Reprint all entries without any alteration.

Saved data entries
== Segment start ==

(* The classes PosLimAvg and AsLimAvg are not closed under complement: there is an automaton $A$ in PosLimAvg such that no automaton $B$ in PosLimAvg satisfies $L_B=1-L_A$, and there is an automaton $A'$ in AsLimAvg such that no automaton $B'$ in AsLimAvg satisfies $L_{B'}=1-L_{A'}$.
   Context: A probabilistic weighted automaton over a finite alphabet $\Sigma$ is a tuple $A=(Q,\rho_I,\Sigma,\delta,\gamma)$ where $Q$ is a finite set of states, $\rho_I$ is a probability distribution on $Q$, $\delta:Q\times\Sigma\to\mathcal D(Q)$ assigns to each state and letter a probability distribution on $Q$, and $\gamma:Q\times\Sigma\times Q\to\mathbb Q$ is a weight function. A run over an infinite word $w=\sigma_1\sigma_2\dots$ is a sequence $r=q_0\sigma_1q_1\sigma_2\dots$ with $\rho_I(q_0)>0$ and $\delta(q_i,\sigma_{i+1})(q_{i+1})>0$ for all $i$; its weight sequence is $\gamma(r)=v_0v_1\dots$ with $v_i=\gamma(q_i,\sigma_{i+1},q_{i+1})$. For each $w$, the probabilities of finite run prefixes induce a probability measure $\mathbb P^A$ on runs over $w$. With $\mathsf{LimAvg}(v)=\liminf_n\frac1n\sum_{i<n}v_i$, PosLimAvg automata define $L^{>0}_A(w)=\sup\{\eta\mid \mathbb P^A(\{r:\mathsf{LimAvg}(\gamma(r))\ge\eta\})>0\}$ and AsLimAvg automata define $L^{=1}_A(w)=\sup\{\eta\mid \mathbb P^A(\{r:\mathsf{LimAvg}(\gamma(r))\ge\eta\})=1\}$. The complement of a quantitative language $L$ is $1-L$. *)

theory Defs
  imports "HOL-Probability.Probability"
begin

record 'a pwa =
  pstates :: "nat set"
  pinit   :: "nat pmf"
  ptrans  :: "nat \<Rightarrow> 'a \<Rightarrow> nat pmf"
  pweight :: "nat \<Rightarrow> 'a \<Rightarrow> nat \<Rightarrow> rat"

== Segment end ==

- Answer for the task -
(* The classes PosLimAvg and AsLimAvg are not closed under complement: there is an automaton $A$ in PosLimAvg such that no automaton $B$ in PosLimAvg satisfies $L_B=1-L_A$, and there is an automaton $A'$ in AsLimAvg such that no automaton $B'$ in AsLimAvg satisfies $L_{B'}=1-L_{A'}$.
   Context: A probabilistic weighted automaton over a finite alphabet $\Sigma$ is a tuple $A=(Q,\rho_I,\Sigma,\delta,\gamma)$ where $Q$ is a finite set of states, $\rho_I$ is a probability distribution on $Q$, $\delta:Q\times\Sigma\to\mathcal D(Q)$ assigns to each state and letter a probability distribution on $Q$, and $\gamma:Q\times\Sigma\times Q\to\mathbb Q$ is a weight function. A run over an infinite word $w=\sigma_1\sigma_2\dots$ is a sequence $r=q_0\sigma_1q_1\sigma_2\dots$ with $\rho_I(q_0)>0$ and $\delta(q_i,\sigma_{i+1})(q_{i+1})>0$ for all $i$; its weight sequence is $\gamma(r)=v_0v_1\dots$ with $v_i=\gamma(q_i,\sigma_{i+1},q_{i+1})$. For each $w$, the probabilities of finite run prefixes induce a probability measure $\mathbb P^A$ on runs over $w$. With $\mathsf{LimAvg}(v)=\liminf_n\frac1n\sum_{i<n}v_i$, PosLimAvg automata define $L^{>0}_A(w)=\sup\{\eta\mid \mathbb P^A(\{r:\mathsf{LimAvg}(\gamma(r))\ge\eta\})>0\}$ and AsLimAvg automata define $L^{=1}_A(w)=\sup\{\eta\mid \mathbb P^A(\{r:\mathsf{LimAvg}(\gamma(r))\ge\eta\})=1\}$. The complement of a quantitative language $L$ is $1-L$. *)

theory Defs
  imports "HOL-Probability.Probability"
begin

record 'a pwa =
  pstates :: "nat set"
  pinit   :: "nat pmf"
  ptrans  :: "nat \<Rightarrow> 'a \<Rightarrow> nat pmf"
  pweight :: "nat \<Rightarrow> 'a \<Rightarrow> nat \<Rightarrow> rat"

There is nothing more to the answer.